El anuncio de que el 8 de febrero podremos utilizar el transporte público sin tener que llevar la mascarilla supone un alivio para los usuarios de este servicio y una señal inequívoca de que, tres años después, estamos a las puertas de dejar atrás una pandemia que nos ha cambiado la vida.
A las puertas –es necesario insistir–, porque sería un error considerar que ya estamos libres de aquel virus que provocó la tan mortífera Covid-19, como lo demuestra el hecho de que el tapabocas seguirá siendo obligatorio en los centros y establecimientos sanitarios, farmacias, ortopedias, ópticas y residencias incluidas, al tiempo que los expertos siguen recomendando su uso para las personas vulnerables o con síntomas –de Covid o de otra enfermedad respiratoria– estén donde estén.
El paso de la obligatoriedad de la mascarilla en el transporte a permitir que la lleve solo quien lo desee representa además una homogeneización de la norma con lo que sucede en prácticamente el resto del mundo, toda vez que solo nuestro país, además de Alemania –que las retirará la próxima semana– la mantenía como obligatoria en trenes, autobuses, aviones o metro. España escribe así un capítulo más de la desescalada de la mascarilla obligatoria, que en estos tres años no ha estado exenta de polémica dada su fuerte carga simbólica que la ha aupado como máximo icono de la pandemia.
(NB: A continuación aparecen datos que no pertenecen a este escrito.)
lemma weighted_sum_le:
  fixes X N Q A K R M \<Lambda> t1 t2 t3 :: real
  assumes A: "1 \<le> A" "A \<le> K" and "1 \<le> R" "1 \<le> M" "0 \<le> X" "0 \<le> Q" "N \<le> Q" "1 \<le> \<Lambda>"
    and X: "X * N \<le> 5 * A * Q" "X * M\<^sup>2 \<le> 5 * Q" "X * M \<le> 5 * Q"
    and t: "t1 \<le> 40 * R\<^sup>2 * A * N" "t2 \<le> 18 * R\<^sup>2 * M" "t3 \<le> 72 * R\<^sup>2 * K * M\<^sup>2"
  shows "2 * N + X * (N + t1 + t2 + t3 * \<Lambda>) \<le> 657 * R\<^sup>2 * K * A * Q * \<Lambda>"
proof -
  define W where "W = R\<^sup>2 * K * A"
  have "1 \<le> R\<^sup>2" "1 \<le> K"
    using assms(3) A by (simp_all add: one_le_power)
  then have "1 \<le> R\<^sup>2 * K" "R\<^sup>2 \<le> R\<^sup>2 * K"
    using mult_mono[of 1 "R\<^sup>2" 1 K] by (simp_all add: mult_le_cancel_left1)
  moreover have "R\<^sup>2 * K \<le> W"
    unfolding W_def using \<open>1 \<le> R\<^sup>2 * K\<close> A(1) by (simp add: mult_le_cancel_left1)
  moreover have "A \<le> W" "R\<^sup>2 * A * A \<le> W"
    unfolding W_def using A mult_right_mono[OF \<open>1 \<le> R\<^sup>2 * K\<close>, of A]
      mult_right_mono[OF mult_left_mono[OF A(2), of "R\<^sup>2"], of A] by simp_all
  ultimately have W: "1 \<le> W" "A \<le> W" "R\<^sup>2 * A * A \<le> W" "R\<^sup>2 \<le> W" "R\<^sup>2 * K \<le> W"
    by linarith+
  have "X * t1 \<le> (40 * R\<^sup>2 * A) * (X * N)"
    using mult_left_mono[OF t(1) \<open>0 \<le> X\<close>] by (simp add: mult_ac)
  also have "\<dots> \<le> (40 * R\<^sup>2 * A) * (5 * A * Q)"
    using X(1) A by (intro mult_left_mono) simp_all
  also have "\<dots> \<le> 200 * W * Q"
    using mult_right_mono[OF W(3) \<open>0 \<le> Q\<close>] by (simp add: mult_ac)
  finally have e1: "X * t1 \<le> 200 * W * Q" .
  have "X * t2 \<le> (18 * R\<^sup>2) * (X * M)"
    using mult_left_mono[OF t(2) \<open>0 \<le> X\<close>] by (simp add: mult_ac)
  also have "\<dots> \<le> (18 * W) * (5 * Q)"
    using W(1,4) \<open>0 \<le> X\<close> assms(4) by (intro mult_mono[OF _ X(3)]) simp_all
  finally have e2: "X * t2 \<le> 90 * W * Q"
    by simp
  have "X * t3 \<le> (72 * (R\<^sup>2 * K)) * (X * M\<^sup>2)"
    using mult_left_mono[OF t(3) \<open>0 \<le> X\<close>] by (simp add: mult_ac)
  also have "\<dots> \<le> (72 * W) * (5 * Q)"
    using W(1,5) \<open>0 \<le> X\<close> by (intro mult_mono[OF _ X(2)]) simp_all
  finally have e3: "X * t3 \<le> 360 * W * Q"
    by simp
  have e4: "2 * N + X * N \<le> 7 * W * Q"
    using X(1) \<open>N \<le> Q\<close> mult_right_mono[OF W(1) \<open>0 \<le> Q\<close>] mult_right_mono[OF W(2) \<open>0 \<le> Q\<close>]
    unfolding mult.assoc by linarith
  have "W * Q * 1 \<le> W * Q * \<Lambda>"
    using W(1) \<open>0 \<le> Q\<close> \<open>1 \<le> \<Lambda>\<close> by (intro mult_left_mono) simp_all
  moreover have "X * t3 * \<Lambda> \<le> 360 * W * Q * \<Lambda>"
    using e3 \<open>1 \<le> \<Lambda>\<close> by (intro mult_right_mono) simp_all
  ultimately show ?thesis
    using e1 e2 e4 unfolding W_def distrib_left mult.assoc by linarith
qed

lemma close_pairs_estimate_le:
  fixes N A K R a M L c lam \<mu> T \<delta> :: real
  assumes N: "2 \<le> N" and A: "1 \<le> A" "A \<le> K" and "1 \<le> R" "1 \<le> c" "0 < a" "1 \<le> M"
    and aM: "a * M\<^sup>2 \<le> 1" "a * M ^ 3 \<le> 1" and a: "a = A * lam" and L: "M\<^sup>2 \<le> L" and \<mu>: "\<mu> = a / K"
    and T: "0 \<le> T" "T \<le> 2 * R * M" and \<delta>: "0 \<le> \<delta>" "\<delta> \<le> 4 * R * (a * M\<^sup>2)"
    and \<mu>T: "c * (\<mu> * T\<^sup>2) \<le> 4 * R * (a * M\<^sup>2)"
  shows "2 * N + (2 * A * \<mu> * N + 5) * (N + T * (4 * A * N * \<delta> + (2 * \<delta> + 1))
            + 2 * (c * (A * \<mu>)) * N * T\<^sup>2 + 2 * (2 * \<delta> + 1) * \<delta> / (c * \<mu>) * (1 + ln N))
         \<le> 657 * R\<^sup>2 * K * A * (N + lam * N\<^sup>2 + L) * (1 + ln N)"
proof -
  have "0 < K" "0 < \<mu>" "0 < lam"
    using A \<mu> a assms(6) zero_less_mult_iff[of A lam] by auto
  have "A * \<mu> \<le> K * \<mu>"
    using A(2) \<open>0 < \<mu>\<close> by (simp add: mult_right_mono)
  then have "A * \<mu> \<le> a"
    using \<mu> \<open>0 < K\<close> by simp
  have "0 \<le> N" "0 \<le> 2 * A * \<mu> * N + 5" "1 \<le> 1 + ln N"
    using N \<open>0 < \<mu>\<close> A by simp_all
  moreover have "0 \<le> N + lam * N\<^sup>2 + L" "N \<le> N + lam * N\<^sup>2 + L"
    using N \<open>0 < lam\<close> order_trans[OF zero_le_power2[of M] L] by simp_all
  ultimately have "2 * N + (2 * A * \<mu> * N + 5) * (N + (T * (4 * A * N * \<delta>) + 2 * (c * (A * \<mu>)) * N * T\<^sup>2)
      + T * (2 * \<delta> + 1) + 2 * (2 * \<delta> + 1) * \<delta> / (c * \<mu>) * (1 + ln N))
    \<le> 657 * R\<^sup>2 * K * A * (N + lam * N\<^sup>2 + L) * (1 + ln N)"
    using prefactor_le[OF N A(1) less_imp_le[OF \<open>0 < \<mu>\<close>] \<open>A * \<mu> \<le> a\<close> a \<open>0 < lam\<close> assms(7) aM(1) L]
      shift_terms_le[OF \<open>0 \<le> N\<close> A(1) assms(4,5,6) \<open>0 < K\<close> assms(7) aM \<mu> T \<delta> \<mu>T]
    by (intro weighted_sum_le[OF A assms(4,7)]) simp_all
  then show ?thesis
    by (simp add: algebra_simps)
qed

lemma power_le_exp_mul_fact:
  fixes x :: real
  assumes "0 \<le> x"
  shows "x ^ n \<le> exp x * fact n"
proof -
  have "x ^ n / fact n = (\<Sum>i\<in>{n}. x ^ i / fact i)"
    by simp
  also have "\<dots> \<le> (\<Sum>i. x ^ i / fact i)"
    using assms summable_exp_generic[of x] by (intro sum_le_suminf) (auto simp: divide_inverse ac_simps)
  also have "\<dots> = exp x"
    by (simp add: exp_def divide_inverse ac_simps)
  finally show ?thesis
    by (simp add: divide_le_eq)
qed

lemma power2_mult_four_power_le_fact:
  assumes "1 \<le> k"
  shows "(real k * 4 ^ k)\<^sup>2 \<le> 64 * exp 64 * fact (k - 1)"
proof -
  have "real k \<le> 2 ^ k"
    using less_exp[of k] by (simp add: less_imp_le)
  then have "(real k * 4 ^ k)\<^sup>2 \<le> (2 ^ k * 4 ^ k)\<^sup>2"
    by (intro power_mono mult_right_mono) simp_all
  also have "\<dots> = ((8::real) ^ k)\<^sup>2"
    by (simp add: power_mult_distrib[symmetric])
  also have "\<dots> = (8\<^sup>2) ^ k"
    by (metis power_mult mult.commute)
  also have "\<dots> = 64 * 64 ^ (k - 1)"
    using assms by (simp add: power_Suc[symmetric])
  also have "\<dots> \<le> 64 * (exp 64 * fact (k - 1))"
    using power_le_exp_mul_fact[of 64 "k - 1"] by simp
  finally show ?thesis
    by simp
qed

lemma estimate_le_fact_power:
  fixes N A Q :: real
  assumes "1 \<le> k" "2 \<le> N" "1 \<le> A" "0 \<le> Q"
  shows "657 * (real k * 4 ^ k * (A * fact (k - 1)))\<^sup>2 * (A * fact (k - 1)) * A * Q * (1 + ln N)
    \<le> 3 * 657 * 64 * exp 64 * (fact (k - 1) * A) ^ 4 * Q * ln N"
proof -
  have "ln 2 \<le> ln N"
    using assms(2) by simp
  then have ln: "1 + ln N \<le> 3 * ln N"
    using ln2_ge_two_thirds by linarith
  have "0 \<le> (A * fact (k - 1)) ^ 3 * A * Q"
    using assms(3,4) by simp
  then have le: "(real k * 4 ^ k)\<^sup>2 * ((A * fact (k - 1)) ^ 3 * A * Q)
      \<le> (64 * exp 64 * fact (k - 1)) * ((A * fact (k - 1)) ^ 3 * A * Q)"
    by (rule mult_right_mono[OF power2_mult_four_power_le_fact[OF assms(1)]])
  have "(real k * 4 ^ k)\<^sup>2 * ((A * fact (k - 1)) ^ 3 * A * Q) * (1 + ln N)
      \<le> (64 * exp 64 * fact (k - 1)) * ((A * fact (k - 1)) ^ 3 * A * Q) * (3 * ln N)"
    using \<open>ln 2 \<le> ln N\<close> ln2_ge_two_thirds \<open>0 \<le> (A * fact (k - 1)) ^ 3 * A * Q\<close>
    by (intro mult_mono[OF le ln]) simp_all
  then show ?thesis
    by (simp add: power_mult_distrib mult_ac power4_eq_xxxx power3_eq_cube power2_eq_square)
qed

lemma card_taylor_close_pairs_le:
  fixes f :: "real \<Rightarrow> real"
  assumes k: "3 \<le> k" and N: "2 \<le> N" and f: "C_upto k f {0<..<N}" and lam: "0 < lam"
    and bounds: "\<forall>x\<in>{0<..<N}. lam \<le> (deriv ^^ k) f x \<and> (deriv ^^ k) f x \<le> A * lam"
    and small: "A * lam \<le> 1"
  defines "S \<equiv> {(m::nat, n::nat). 0 < m \<and> 0 < n \<and> real m \<le> N \<and> real n \<le> N \<and>
    (\<forall>j\<in>{k - 2, k - 1}. dist_int ((deriv ^^ j) f m / fact j - (deriv ^^ j) f n / fact j)
                          \<le> 2 * real_of_int \<lfloor>(A * lam) powr (- 1 / real k)\<rfloor> powi (- int j))}"
  shows "finite S"
    and "real (card S) \<le> 3 * 657 * 64 * exp 64 * (fact (k - 1) * A) ^ 4
           * (N + lam * N\<^sup>2 + lam powr (- 2 / real k)) * ln N"
proof -
  define M where "M = (A * lam) powr (- 1 / real k)"
  define d where "d j = 2 * real_of_int \<lfloor>M\<rfloor> powi (- int j)" for j :: nat
  define F :: real where "F = fact (k - 1)"
  have "lam \<le> A * lam"
    using bounds[rule_format, of 1] N by simp
  then have A: "1 \<le> A"
    using lam by (simp add: mult_le_cancel_right1)
  then have a: "0 < A * lam"
    using lam by simp
  note tol = tolerance_bounds[OF k a small M_def d_def]
  interpret pair_counting N "lam / F" A "d (k - 1)" "d (k - 2)" "k - 1"
      "\<lambda>x. (deriv ^^ (k - 1)) f x / F" "\<lambda>x. (deriv ^^ k) f x / F" "\<lambda>x. (deriv ^^ (k - 2)) f x / fact (k - 2)"
    unfolding F_def using k N f lam bounds tol(4,5) by (intro pair_counting_derivatives) simp_all
  have S: "S = close_pairs"
    unfolding S_def close_pairs_def unfolding F_def d_def M_def by auto
  then show "finite S"
    using finite_close_pairs by simp
  have "1 \<le> k" "1 \<le> F" "1 \<le> real (k - 1)" "A \<le> A * F" "1 \<le> real k * 4 ^ k"
    using k A one_le_power[of "4::real" k] mult_mono[of 1 "real k" 1 "4 ^ k"]
    unfolding F_def by (simp_all add: mult_le_cancel_left1)
  moreover have "1 \<le> A * F"
    using A \<open>A \<le> A * F\<close> by linarith
  ultimately have "1 \<le> real k * 4 ^ k * (A * F)"
    using mult_mono[of 1 "real k * 4 ^ k" 1 "A * F"] by simp
  moreover have "M\<^sup>2 \<le> lam powr (- 2 / real k)"
    unfolding M_def using A lam k by (intro power2_powr_neg_inverse_le) simp_all
  moreover have \<mu>: "lam / F = A * lam / (A * F)"
    using A by simp
  ultimately have "real (card S) \<le> 657 * (real k * 4 ^ k * (A * F))\<^sup>2 * (A * F) * A
      * (N + lam * N\<^sup>2 + lam powr (- 2 / real k)) * (1 + ln N)"
    unfolding S
    using card_close_pairs_le close_pairs_estimate_le[OF N A \<open>A \<le> A * F\<close> _ \<open>1 \<le> real (k - 1)\<close>
        a tol(1-3) refl \<open>M\<^sup>2 \<le> lam powr (- 2 / real k)\<close> \<mu> shift_bound_nonneg _ shift_tolerance_nonneg]
      shift_parameter_bounds[OF \<open>1 \<le> k\<close> A \<open>1 \<le> F\<close> a tol(1,4,6,7) \<mu> shift_bound_def shift_tolerance_def]
    by (meson order_trans)
  also have "\<dots> \<le> 3 * 657 * 64 * exp 64 * (fact (k - 1) * A) ^ 4
           * (N + lam * N\<^sup>2 + lam powr (- 2 / real k)) * ln N"
    unfolding F_def using k N A lam by (intro estimate_le_fact_power) simp_all
  finally show "real (card S) \<le> 3 * 657 * 64 * exp 64 * (fact (k - 1) * A) ^ 4
           * (N + lam * N\<^sup>2 + lam powr (- 2 / real k)) * ln N" .
qed

theorem lemma3:
  shows "\<exists>C>0. \<forall>(k::nat) (N::real) (f::real \<Rightarrow> real) (lam::real) (A::real).
     k \<ge> 3 \<longrightarrow> N \<ge> 2 \<longrightarrow> C_upto k f {0<..<N} \<longrightarrow>
     0 < lam \<longrightarrow>
     (\<forall>x\<in>{0<..<N}. lam \<le> (deriv ^^ k) f x \<and> (deriv ^^ k) f x \<le> A * lam) \<longrightarrow>
     A * lam \<le> 1/4 \<longrightarrow>
     (let H = \<lfloor>(A * lam) powr (- 1 / real k)\<rfloor> in
      real (card {(m::nat, n::nat). 0 < m \<and> 0 < n \<and> real m \<le> N \<and> real n \<le> N \<and>
         (\<forall>j\<in>{1..k-1}. dist_int ((deriv ^^ j) f (real m) / fact j - (deriv ^^ j) f (real n) / fact j)
                           \<le> 2 * real_of_int H powi (- int j))})
      \<le> C * (fact (k - 1) * A) ^ 4 * (N + lam * N\<^sup>2 + lam powr (- 2 / real k)) * ln N)"
proof (intro exI[of _ "3 * 657 * 64 * exp 64"] conjI allI impI)
  show "(0::real) < 3 * 657 * 64 * exp 64"
    by simp
  fix k :: nat and N :: real and f :: "real \<Rightarrow> real" and lam A :: real
  assume k: "3 \<le> k" and N: "2 \<le> N" and f: "C_upto k f {0<..<N}" and lam: "0 < lam"
    and bounds: "\<forall>x\<in>{0<..<N}. lam \<le> (deriv ^^ k) f x \<and> (deriv ^^ k) f x \<le> A * lam"
    and small: "A * lam \<le> 1 / 4"
  note taylor = card_taylor_close_pairs_le[OF k N f lam bounds]
  have "{k - 2, k - 1} \<subseteq> {1..k - 1}"
    using k by auto
  then have "real (card {(m::nat, n::nat). 0 < m \<and> 0 < n \<and> real m \<le> N \<and> real n \<le> N \<and>
      (\<forall>j\<in>{1..k-1}. dist_int ((deriv ^^ j) f (real m) / fact j - (deriv ^^ j) f (real n) / fact j)
                     \<le> 2 * real_of_int \<lfloor>(A * lam) powr (- 1 / real k)\<rfloor> powi (- int j))})
    \<le> real (card {(m::nat, n::nat). 0 < m \<and> 0 < n \<and> real m \<le> N \<and> real n \<le> N \<and>
      (\<forall>j\<in>{k - 2, k - 1}. dist_int ((deriv ^^ j) f m / fact j - (deriv ^^ j) f n / fact j)
                     \<le> 2 * real_of_int \<lfloor>(A * lam) powr (- 1 / real k)\<rfloor> powi (- int j))})"
    using taylor(1) small by (intro of_nat_mono card_mono) auto
  also have "\<dots> \<le> 3 * 657 * 64 * exp 64 * (fact (k - 1) * A) ^ 4
      * (N + lam * N\<^sup>2 + lam powr (- 2 / real k)) * ln N"
    using taylor(2) small by simp
  finally show "let H = \<lfloor>(A * lam) powr (- 1 / real k)\<rfloor> in
      real (card {(m::nat, n::nat). 0 < m \<and> 0 < n \<and> real m \<le> N \<and> real n \<le> N \<and>
         (\<forall>j\<in>{1..k-1}. dist_int ((deriv ^^ j) f (real m) / fact j - (deriv ^^ j) f (real n) / fact j)
                           \<le> 2 * real_of_int H powi (- int j))})
      \<le> 3 * 657 * 64 * exp 64 * (fact (k - 1) * A) ^ 4 * (N + lam * N\<^sup>2 + lam powr (- 2 / real k)) * ln N"
    unfolding Let_def .
qed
Una polémica instalada desde el principio, cuando la escasez mundial obligó a Sanidad a recomendarlas tan solo a personas enfermas, con síntomas o sospechosas de estar contagiadas. Hasta el 4 de mayo de 2020, cuando por primera vez pasaron a ser obligatorias una vez se pudo bajar su altísimo precio gracias a los topes fijados por el Gobierno. Y entonces se impuso en todos los lugares, incluidos espacios al aire libre. Sí, el fin de la mascarilla es un alivio, pero haríamos bien en mantener ciertas precauciones; el virus todavía anda por ahí. No lo olvidemos.